lemma qpoch_nonzero: "qpoch n \<noteq> 0"
proof (induction n)
  case 0
  show ?case by (simp add: qpoch_def)
next
  case (Suc n)
  have "coeff (1 - monom (1::rat) (Suc n)) 0 \<noteq> 0"
    by simp
  then have "1 - monom (1::rat) (Suc n) \<noteq> 0"
    by force
  with Suc show ?case
    by (simp add: qpoch_Suc)
qed

fun qbin :: "nat \<Rightarrow> nat \<Rightarrow> rat poly" where
  "qbin n 0 = 1"
| "qbin 0 (Suc k) = 0"
| "qbin (Suc n) (Suc k) = qbin n (Suc k) + monom 1 (n - k) * qbin n k"

lemma qbin_eq_0: "n < k \<Longrightarrow> qbin n k = 0"
  by (induction n k rule: qbin.induct) auto

lemma qbin_mult_qpoch: "k \<le> n \<Longrightarrow> qbin n k * qpoch k * qpoch (n - k) = qpoch n"
proof (induction n arbitrary: k)
  case 0
  then show ?case by (simp add: qpoch_def)
next
  case (Suc n)
  show ?case
  proof (cases k)
    case 0
    then show ?thesis by (simp add: qpoch_def)
  next
    case (Suc i)
    with Suc.prems have "i \<le> n" by simp
    have lower: "qbin n i * qpoch (Suc i) * qpoch (n - i) = qpoch n * (1 - monom 1 (Suc i))"
      using Suc.IH[OF \<open>i \<le> n\<close>] by (simp add: qpoch_Suc algebra_simps)
    have upper: "qbin n (Suc i) * qpoch (Suc i) * qpoch (n - i) = qpoch n * (1 - monom 1 (n - i))"
    proof (cases "i = n")
      case True
      then show ?thesis by (simp add: qbin_eq_0)
    next
      case False
      with \<open>i \<le> n\<close> have "Suc i \<le> n" and "n - i = Suc (n - Suc i)" by simp_all
      then have "qpoch (n - i) = qpoch (n - Suc i) * (1 - monom 1 (n - i))"
        by (simp add: qpoch_Suc)
      then show ?thesis
        using Suc.IH[OF \<open>Suc i \<le> n\<close>] by (metis mult.assoc)
    qed
    have "qbin (Suc n) k * qpoch k * qpoch (Suc n - k)
        = qbin n (Suc i) * qpoch (Suc i) * qpoch (n - i)
          + monom 1 (n - i) * (qbin n i * qpoch (Suc i) * qpoch (n - i))"
      using Suc by (simp add: algebra_simps)
    also have "\<dots> = qpoch n * (1 - monom 1 (n - i) * monom 1 (Suc i))"
      unfolding lower upper by (simp add: algebra_simps)
    also have "\<dots> = qpoch (Suc n)"
      using \<open>i \<le> n\<close> by (simp add: mult_monom qpoch_Suc)
    finally show ?thesis .
  qed
qed

lemma qbinom_of_nat: "qbinom (int n) (int k) = qbin n k"
proof (cases "k \<le> n")
  case True
  have "qpoch n = qbin n k * (qpoch k * qpoch (n - k))"
    using qbin_mult_qpoch[OF True] by (simp add: algebra_simps)
  moreover have "qpoch k * qpoch (n - k) \<noteq> 0"
    by (simp add: qpoch_nonzero)
  ultimately show ?thesis
    using True by (simp add: qbinom_def nat_diff_distrib del: div_mult_self1 div_mult_self2)
next
  case False
  then show ?thesis by (simp add: qbinom_def qbin_eq_0)
qed

lemma qbinom_nonzero_range: "qbinom M N \<noteq> 0 \<Longrightarrow> 0 \<le> N \<and> N \<le> M"
  by (auto simp: qbinom_def split: if_splits)

lemma qbinom_Pascal:
  "qbinom (int (Suc m)) j = qbinom (int m) j + monom 1 (nat (int m + 1 - j)) * qbinom (int m) (j - 1)"
proof -
  have "j < 0 \<or> j = 0 \<or> j = int (Suc (nat j - 1))"
    by linarith
  then consider "j < 0" | "j = 0" | i where "j = int (Suc i)"
    by blast
  then show ?thesis
  proof cases
    case 1
    then show ?thesis by (simp add: qbinom_def)
  next
    case 2
    then show ?thesis by (simp add: qbinom_def qpoch_nonzero)
  next
    case 3
    have "nat (int m + 1 - j) = m - i" and "j - 1 = int i"
      using 3 by simp_all
    show ?thesis
      unfolding \<open>j - 1 = int i\<close> \<open>nat (int m + 1 - j) = m - i\<close>
      unfolding 3 qbinom_of_nat by simp
  qed
qed

lemma monom_nat_add_on_support:
  fixes P :: "'a::comm_semiring_1 poly"
  assumes "P \<noteq> 0 \<Longrightarrow> 0 \<le> x \<and> 0 \<le> y"
  shows "monom 1 (nat x) * (monom 1 (nat y) * P) = monom 1 (nat (x + y)) * P"
  using assms by (cases "P = 0") (simp_all add: mult.assoc[symmetric] mult_monom nat_add_distrib)

lemma monom_nat_exchange:
  fixes P :: "'a::comm_semiring_1 poly"
  assumes "P \<noteq> 0 \<Longrightarrow> 0 \<le> x \<and> 0 \<le> y \<and> 0 \<le> z \<and> 0 \<le> w" and "x + y = z + w"
  shows "monom 1 (nat x) * (monom 1 (nat y) * P) = monom 1 (nat z) * (monom 1 (nat w) * P)"
  using monom_nat_add_on_support[of P x y] monom_nat_add_on_support[of P z w] assms by auto

lemma mult_qbinom_nonzero_range:
  "qbinom (int m) a * qbinom (int m) b \<noteq> 0 \<Longrightarrow> 0 \<le> a \<and> a \<le> int m \<and> 0 \<le> b \<and> b \<le> int m"
  using qbinom_nonzero_range[of "int m" a] qbinom_nonzero_range[of "int m" b] by auto

lemma quadratic_form_nonneg: "0 \<le> (a::int)\<^sup>2 + a * b + b\<^sup>2"
proof -
  have "2 * (a\<^sup>2 + a * b + b\<^sup>2) = a\<^sup>2 + b\<^sup>2 + (a + b)\<^sup>2"
    by (simp add: power2_eq_square algebra_simps)
  then show ?thesis
    by (smt (verit) zero_le_power2)
qed

text \<open>qdet n j k below is the right-hand side of the theorem. Integer indices make the q-Pascal
  recursion uniform: qbinom vanishes outside 0..n, so no boundary cases arise.\<close>

definition qterm :: "nat \<Rightarrow> int \<Rightarrow> int \<Rightarrow> rat poly" where
  "qterm n j k = monom 1 (nat (j\<^sup>2 + j * k + k\<^sup>2)) * qbinom (int n) j * qbinom (int n) k"

lemma qterm_Suc:
  "qterm (Suc m) j k = qterm m j k
     + monom 1 (nat (int m + j + k)) * qterm m (j - 1) k
     + monom 1 (nat (int m + j + k)) * qterm m j (k - 1)
     + monom 1 (nat (2 * (int m + j + k) - 1)) * qterm m (j - 1) (k - 1)"
proof -
  define e :: "int \<Rightarrow> int \<Rightarrow> int" where "e a b = a\<^sup>2 + a * b + b\<^sup>2" for a b
  define Q where "Q a b = qbinom (int m) a * qbinom (int m) b" for a b
  define x where "x a = monom (1::rat) (nat (int m + 1 - a))" for a
  have e_nonneg: "0 \<le> e a b" for a b
    unfolding e_def by (rule quadratic_form_nonneg)
  have e_shift: "e a b = e (a - 1) b + 2 * a + b - 1" "e a b = e a (b - 1) + a + 2 * b - 1"
      "e a b = e (a - 1) (b - 1) + 3 * a + 3 * b - 3" for a b
    by (simp_all add: e_def power2_eq_square algebra_simps)
  have range: "Q a b \<noteq> 0 \<Longrightarrow> 0 \<le> a \<and> a \<le> int m \<and> 0 \<le> b \<and> b \<le> int m" for a b
    unfolding Q_def by (rule mult_qbinom_nonzero_range)
  have qterm_m: "qterm m a b = monom 1 (nat (e a b)) * Q a b" for a b
    by (simp add: qterm_def e_def Q_def mult.assoc)
  have "qterm (Suc m) j k = monom 1 (nat (e j k)) * Q j k
      + monom 1 (nat (e j k)) * (x j * Q (j - 1) k)
      + monom 1 (nat (e j k)) * (x k * Q j (k - 1))
      + monom 1 (nat (e j k)) * (x j * (x k * Q (j - 1) (k - 1)))"
    unfolding qterm_def qbinom_Pascal e_def Q_def x_def by (simp add: algebra_simps)
  also have "\<dots> = qterm m j k
      + monom 1 (nat (int m + j + k)) * qterm m (j - 1) k
      + monom 1 (nat (int m + j + k)) * qterm m j (k - 1)
      + monom 1 (nat (2 * (int m + j + k) - 1)) * qterm m (j - 1) (k - 1)"
  proof -
    have xx: "x j * (x k * Q (j - 1) (k - 1)) = monom 1 (nat (int m + 1 - j + (int m + 1 - k))) * Q (j - 1) (k - 1)"
      unfolding x_def by (subst monom_nat_add_on_support) (auto dest: range)
    have shift_j: "monom 1 (nat (e j k)) * (x j * Q (j - 1) k)
        = monom 1 (nat (int m + j + k)) * (monom 1 (nat (e (j - 1) k)) * Q (j - 1) k)"
      unfolding x_def
      by (rule monom_nat_exchange)
        (use e_nonneg[of j k] e_nonneg[of "j - 1" k] e_shift(1)[of j k] in \<open>auto dest: range\<close>)
    have shift_k: "monom 1 (nat (e j k)) * (x k * Q j (k - 1))
        = monom 1 (nat (int m + j + k)) * (monom 1 (nat (e j (k - 1))) * Q j (k - 1))"
      unfolding x_def
      by (rule monom_nat_exchange)
        (use e_nonneg[of j k] e_nonneg[of j "k - 1"] e_shift(2)[of j k] in \<open>auto dest: range\<close>)
    have shift_jk: "monom 1 (nat (e j k)) * (monom 1 (nat (int m + 1 - j + (int m + 1 - k))) * Q (j - 1) (k - 1))
        = monom 1 (nat (2 * (int m + j + k) - 1)) * (monom 1 (nat (e (j - 1) (k - 1))) * Q (j - 1) (k - 1))"
      by (rule monom_nat_exchange)
        (use e_nonneg[of j k] e_nonneg[of "j - 1" "k - 1"] e_shift(3)[of j k] in \<open>auto dest: range\<close>)
    show ?thesis
      by (simp only: qterm_m xx shift_j shift_k shift_jk)
  qed
  finally show ?thesis .
qed

definition qdet :: "nat \<Rightarrow> int \<Rightarrow> int \<Rightarrow> rat poly" where
  "qdet n j k = qterm n j k - qterm n (j + 1) (k - 1)"

lemma qdet_Suc:
  "qdet (Suc m) j k = qdet m j k
     + monom 1 (nat (int m + j + k)) * qdet m (j - 1) k
     + monom 1 (nat (int m + j + k)) * qdet m j (k - 1)
     + monom 1 (nat (2 * (int m + j + k) - 1)) * qdet m (j - 1) (k - 1)"
  using qterm_Suc[of m j k] qterm_Suc[of m "j + 1" "k - 1"]
  by (simp add: qdet_def algebra_simps)

lemma qdet_0_0_0: "qdet 0 0 0 = 1"
  by (simp add: qdet_def qterm_def qbinom_def qpoch_def)

lemma qdet_row_overflow: "qdet m (int m + 1) k = 0"
  by (simp add: qdet_def qterm_def qbinom_def)

lemma qdet_diagonal: "qdet m j (j + 1) = 0"
  by (simp add: qdet_def qterm_def algebra_simps power2_eq_square)

lemma qdet_minus_one: "qdet m j (- 1) = 0"
  by (simp add: qdet_def qterm_def qbinom_def)

lemma qdet_Suc_nat:
  assumes "c \<le> b"
  shows "qdet (Suc m) (int b) (int c) = qdet m (int b) (int c)
      + (if c < b then monom 1 (m + b + c) * qdet m (int b - 1) (int c) else 0)
      + (if 0 < c then monom 1 (m + b + c) * (qdet m (int b) (int c - 1)
           + monom 1 (m + b + c - 1) * qdet m (int b - 1) (int c - 1)) else 0)"
proof -
  let ?M = "m + b + c"
  have M: "nat (int m + int b + int c) = ?M"
    by (simp only: of_nat_add[symmetric] nat_int)
  have diagonal: "\<not> c < b \<Longrightarrow> qdet m (int b - 1) (int c) = 0"
    using assms qdet_diagonal[of m "int b - 1"] by simp
  show ?thesis
  proof (cases "0 < c")
    case True
    then have "nat (2 * (int m + int b + int c) - 1) = ?M + (?M - 1)"
      by (simp add: nat_eq_iff of_nat_diff)
    then have double: "monom (1::rat) (nat (2 * (int m + int b + int c) - 1)) = monom 1 ?M * monom 1 (?M - 1)"
      by (simp add: mult_monom)
    show ?thesis
      unfolding qdet_Suc[of m "int b" "int c"] M double
      using True diagonal by (cases "c < b") (simp_all add: algebra_simps)
  next
    case False
    then show ?thesis
      unfolding qdet_Suc[of m "int b" "int c"] M
      using diagonal qdet_minus_one by (cases "c < b") simp_all
  qed
qed

section \<open>Removing the largest entry of a standard Young tableau\<close>

definition is_partition :: "nat list \<Rightarrow> bool" where
  "is_partition lam \<longleftrightarrow> (\<forall>i. Suc i < length lam \<longrightarrow> lam ! Suc i \<le> lam ! i)"

definition is_corner :: "nat list \<Rightarrow> nat \<Rightarrow> bool" where
  "is_corner lam r \<longleftrightarrow> r < length lam \<and> 0 < lam ! r \<and> (Suc r < length lam \<longrightarrow> lam ! Suc r < lam ! r)"

abbreviation corner_cell :: "nat list \<Rightarrow> nat \<Rightarrow> nat \<times> nat" where
  "corner_cell lam r \<equiv> (r, lam ! r - 1)"

definition remove_corner :: "nat list \<Rightarrow> nat \<Rightarrow> nat list" where
  "remove_corner lam r = lam[r := lam ! r - 1]"

lemma is_partition_nth_antimono:
  assumes "is_partition lam" "i \<le> j" "j < length lam"
  shows "lam ! j \<le> lam ! i"
  using assms(2,3)
proof (induction j rule: dec_induct)
  case (step j)
  then show ?case
    using assms(1) unfolding is_partition_def by (meson Suc_lessD le_trans)
qed simp

lemma sum_list_ge_2_if_lower_corner:
  assumes "is_partition lam" "is_corner lam r" "0 < r"
  shows "2 \<le> sum_list lam"
proof -
  obtain a xs where lam: "lam = a # xs"
    using assms(2) by (cases lam) (auto simp: is_corner_def)
  have "0 < lam ! r" and "lam ! r \<le> lam ! 0"
    using assms is_partition_nth_antimono[OF assms(1), of 0 r] by (auto simp: is_corner_def)
  moreover have "lam ! r \<le> sum_list xs"
    using assms(2,3) elem_le_sum_list[of "r - 1" xs] by (auto simp: is_corner_def lam)
  ultimately show ?thesis
    by (simp add: lam)
qed

lemma corner_cell_in_cells: "is_corner lam r \<Longrightarrow> corner_cell lam r \<in> cells lam"
  by (auto simp: is_corner_def cells_def)

lemma cells_remove_corner:
  "is_corner lam r \<Longrightarrow> cells (remove_corner lam r) = cells lam - {corner_cell lam r}"
  by (auto simp: is_corner_def cells_def remove_corner_def nth_list_update split: if_splits)

lemma sum_list_remove_corner:
  "is_corner lam r \<Longrightarrow> sum_list (remove_corner lam r) = sum_list lam - 1"
  using sum_list_update[of r lam "lam ! r - 1"] elem_le_sum_list[of r lam]
  by (simp add: is_corner_def remove_corner_def)

lemma is_partition_remove_corner:
  "is_partition lam \<Longrightarrow> is_corner lam r \<Longrightarrow> is_partition (remove_corner lam r)"
  by (auto simp: is_partition_def is_corner_def remove_corner_def nth_list_update)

Exercise directions:
Go through the listing above and return each line where the word "split" occurs.

The answer:
  by (auto simp: qbinom_def split: if_splits)
  by (auto simp: is_corner_def cells_def remove_corner_def nth_list_update split: if_splits)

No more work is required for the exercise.